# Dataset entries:
┌──

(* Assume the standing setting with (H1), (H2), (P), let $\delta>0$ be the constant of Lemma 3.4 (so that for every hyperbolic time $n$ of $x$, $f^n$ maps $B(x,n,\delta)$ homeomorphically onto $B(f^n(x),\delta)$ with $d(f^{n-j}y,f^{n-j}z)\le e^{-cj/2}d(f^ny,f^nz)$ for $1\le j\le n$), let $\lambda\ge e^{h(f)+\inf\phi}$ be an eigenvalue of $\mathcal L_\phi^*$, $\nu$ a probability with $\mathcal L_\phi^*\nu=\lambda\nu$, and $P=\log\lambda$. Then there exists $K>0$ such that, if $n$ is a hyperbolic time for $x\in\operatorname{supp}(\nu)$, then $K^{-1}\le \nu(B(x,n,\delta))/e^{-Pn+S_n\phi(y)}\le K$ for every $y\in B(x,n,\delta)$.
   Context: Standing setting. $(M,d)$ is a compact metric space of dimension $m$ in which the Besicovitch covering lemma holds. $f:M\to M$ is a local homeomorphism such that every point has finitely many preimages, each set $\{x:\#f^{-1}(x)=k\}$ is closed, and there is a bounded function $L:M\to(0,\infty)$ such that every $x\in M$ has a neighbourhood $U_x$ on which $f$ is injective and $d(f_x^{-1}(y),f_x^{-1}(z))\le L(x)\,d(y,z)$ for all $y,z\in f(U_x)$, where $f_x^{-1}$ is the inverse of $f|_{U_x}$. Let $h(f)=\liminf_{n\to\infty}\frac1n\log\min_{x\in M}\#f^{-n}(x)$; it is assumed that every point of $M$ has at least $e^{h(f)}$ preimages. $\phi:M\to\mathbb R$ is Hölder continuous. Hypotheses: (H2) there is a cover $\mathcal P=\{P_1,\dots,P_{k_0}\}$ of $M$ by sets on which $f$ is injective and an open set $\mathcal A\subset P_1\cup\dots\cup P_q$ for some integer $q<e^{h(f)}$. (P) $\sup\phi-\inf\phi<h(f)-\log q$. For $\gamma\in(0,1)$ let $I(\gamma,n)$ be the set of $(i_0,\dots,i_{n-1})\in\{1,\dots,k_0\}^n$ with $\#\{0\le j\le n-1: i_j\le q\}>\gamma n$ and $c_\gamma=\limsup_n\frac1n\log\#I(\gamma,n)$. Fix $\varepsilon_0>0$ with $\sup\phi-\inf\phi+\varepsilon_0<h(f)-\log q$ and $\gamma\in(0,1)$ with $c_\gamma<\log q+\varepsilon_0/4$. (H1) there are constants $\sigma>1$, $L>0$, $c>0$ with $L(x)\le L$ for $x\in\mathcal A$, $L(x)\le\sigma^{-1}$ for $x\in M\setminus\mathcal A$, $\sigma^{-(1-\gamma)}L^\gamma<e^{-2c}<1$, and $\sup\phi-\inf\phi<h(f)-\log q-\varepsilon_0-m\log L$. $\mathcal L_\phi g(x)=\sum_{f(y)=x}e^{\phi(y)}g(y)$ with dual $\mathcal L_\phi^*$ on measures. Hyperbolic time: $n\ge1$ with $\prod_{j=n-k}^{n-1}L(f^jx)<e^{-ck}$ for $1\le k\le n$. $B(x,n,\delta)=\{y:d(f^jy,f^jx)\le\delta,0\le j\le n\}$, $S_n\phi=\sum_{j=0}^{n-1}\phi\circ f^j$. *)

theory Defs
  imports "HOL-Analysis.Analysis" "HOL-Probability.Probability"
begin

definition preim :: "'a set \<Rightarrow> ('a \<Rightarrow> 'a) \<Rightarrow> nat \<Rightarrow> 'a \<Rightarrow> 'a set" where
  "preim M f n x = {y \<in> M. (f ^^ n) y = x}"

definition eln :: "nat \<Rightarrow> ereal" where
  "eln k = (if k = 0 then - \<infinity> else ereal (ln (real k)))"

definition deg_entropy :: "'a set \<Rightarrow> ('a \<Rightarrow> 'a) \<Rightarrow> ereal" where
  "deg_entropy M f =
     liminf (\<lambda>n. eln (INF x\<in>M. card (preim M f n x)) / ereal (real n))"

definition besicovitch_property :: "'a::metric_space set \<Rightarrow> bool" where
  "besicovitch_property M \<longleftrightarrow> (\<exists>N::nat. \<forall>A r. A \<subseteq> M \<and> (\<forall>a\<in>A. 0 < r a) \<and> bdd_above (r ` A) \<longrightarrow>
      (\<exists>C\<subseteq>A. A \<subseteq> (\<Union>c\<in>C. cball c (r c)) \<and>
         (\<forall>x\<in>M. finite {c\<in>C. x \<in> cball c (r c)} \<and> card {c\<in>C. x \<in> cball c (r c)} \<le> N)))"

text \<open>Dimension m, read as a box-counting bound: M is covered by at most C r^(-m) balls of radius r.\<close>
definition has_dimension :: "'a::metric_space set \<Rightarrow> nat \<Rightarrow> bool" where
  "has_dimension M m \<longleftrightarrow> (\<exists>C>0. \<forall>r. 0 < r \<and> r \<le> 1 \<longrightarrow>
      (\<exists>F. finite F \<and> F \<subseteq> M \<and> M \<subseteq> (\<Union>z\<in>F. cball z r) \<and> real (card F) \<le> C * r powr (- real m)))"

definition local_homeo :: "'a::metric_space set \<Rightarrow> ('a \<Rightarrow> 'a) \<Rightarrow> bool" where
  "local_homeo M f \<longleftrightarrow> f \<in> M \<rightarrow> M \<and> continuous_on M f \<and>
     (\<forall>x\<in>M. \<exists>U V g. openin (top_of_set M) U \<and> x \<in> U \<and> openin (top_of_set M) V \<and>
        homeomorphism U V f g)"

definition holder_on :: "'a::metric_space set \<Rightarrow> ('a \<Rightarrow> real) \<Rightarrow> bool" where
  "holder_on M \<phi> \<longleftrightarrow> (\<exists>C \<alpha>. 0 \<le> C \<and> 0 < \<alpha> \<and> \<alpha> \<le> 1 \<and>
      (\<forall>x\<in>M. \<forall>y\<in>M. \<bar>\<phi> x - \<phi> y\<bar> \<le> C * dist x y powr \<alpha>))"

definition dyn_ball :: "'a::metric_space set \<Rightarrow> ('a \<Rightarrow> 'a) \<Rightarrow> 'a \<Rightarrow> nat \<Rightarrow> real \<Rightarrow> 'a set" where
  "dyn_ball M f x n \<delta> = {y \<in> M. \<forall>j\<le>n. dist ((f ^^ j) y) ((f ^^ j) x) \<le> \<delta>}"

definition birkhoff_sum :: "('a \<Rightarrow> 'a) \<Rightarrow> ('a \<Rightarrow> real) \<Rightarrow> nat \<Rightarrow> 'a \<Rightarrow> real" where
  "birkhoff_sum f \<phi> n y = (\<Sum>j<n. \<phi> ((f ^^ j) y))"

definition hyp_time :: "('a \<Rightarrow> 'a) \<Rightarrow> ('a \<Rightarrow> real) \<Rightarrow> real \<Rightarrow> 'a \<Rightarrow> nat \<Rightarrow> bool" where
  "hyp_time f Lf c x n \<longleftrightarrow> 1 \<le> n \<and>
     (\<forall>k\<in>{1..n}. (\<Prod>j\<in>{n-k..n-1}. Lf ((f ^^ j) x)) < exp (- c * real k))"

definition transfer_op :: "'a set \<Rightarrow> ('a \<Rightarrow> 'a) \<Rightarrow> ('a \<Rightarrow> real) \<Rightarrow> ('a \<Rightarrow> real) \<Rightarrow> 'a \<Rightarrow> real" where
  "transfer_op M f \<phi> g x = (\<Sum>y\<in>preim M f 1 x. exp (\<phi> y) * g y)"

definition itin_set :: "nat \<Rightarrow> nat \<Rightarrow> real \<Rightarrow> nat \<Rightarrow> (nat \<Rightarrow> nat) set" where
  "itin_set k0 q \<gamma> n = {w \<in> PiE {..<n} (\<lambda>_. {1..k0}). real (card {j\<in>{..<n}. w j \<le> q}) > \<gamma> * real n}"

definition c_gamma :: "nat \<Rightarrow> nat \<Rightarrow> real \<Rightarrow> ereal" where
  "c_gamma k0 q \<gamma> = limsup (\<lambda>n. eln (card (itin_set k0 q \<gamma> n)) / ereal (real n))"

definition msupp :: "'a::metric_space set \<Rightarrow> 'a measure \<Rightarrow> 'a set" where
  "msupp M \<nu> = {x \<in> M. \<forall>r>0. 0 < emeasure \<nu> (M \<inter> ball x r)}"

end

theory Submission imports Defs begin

└──

# Work to complete:
In the entries above, restate word for word the lines between the one holding "('a \<Rightarrow> 'a) \<Rightarrow> 'a" and the one holding "j) x)) < exp", inclusive, and nothing besides.

# Task output:
definition dyn_ball :: "'a::metric_space set \<Rightarrow> ('a \<Rightarrow> 'a) \<Rightarrow> 'a \<Rightarrow> nat \<Rightarrow> real \<Rightarrow> 'a set" where
  "dyn_ball M f x n \<delta> = {y \<in> M. \<forall>j\<le>n. dist ((f ^^ j) y) ((f ^^ j) x) \<le> \<delta>}"

definition birkhoff_sum :: "('a \<Rightarrow> 'a) \<Rightarrow> ('a \<Rightarrow> real) \<Rightarrow> nat \<Rightarrow> 'a \<Rightarrow> real" where
  "birkhoff_sum f \<phi> n y = (\<Sum>j<n. \<phi> ((f ^^ j) y))"

definition hyp_time :: "('a \<Rightarrow> 'a) \<Rightarrow> ('a \<Rightarrow> real) \<Rightarrow> real \<Rightarrow> 'a \<Rightarrow> nat \<Rightarrow> bool" where
  "hyp_time f Lf c x n \<longleftrightarrow> 1 \<le> n \<and>
     (\<forall>k\<in>{1..n}. (\<Prod>j\<in>{n-k..n-1}. Lf ((f ^^ j) x)) < exp (- c * real k))"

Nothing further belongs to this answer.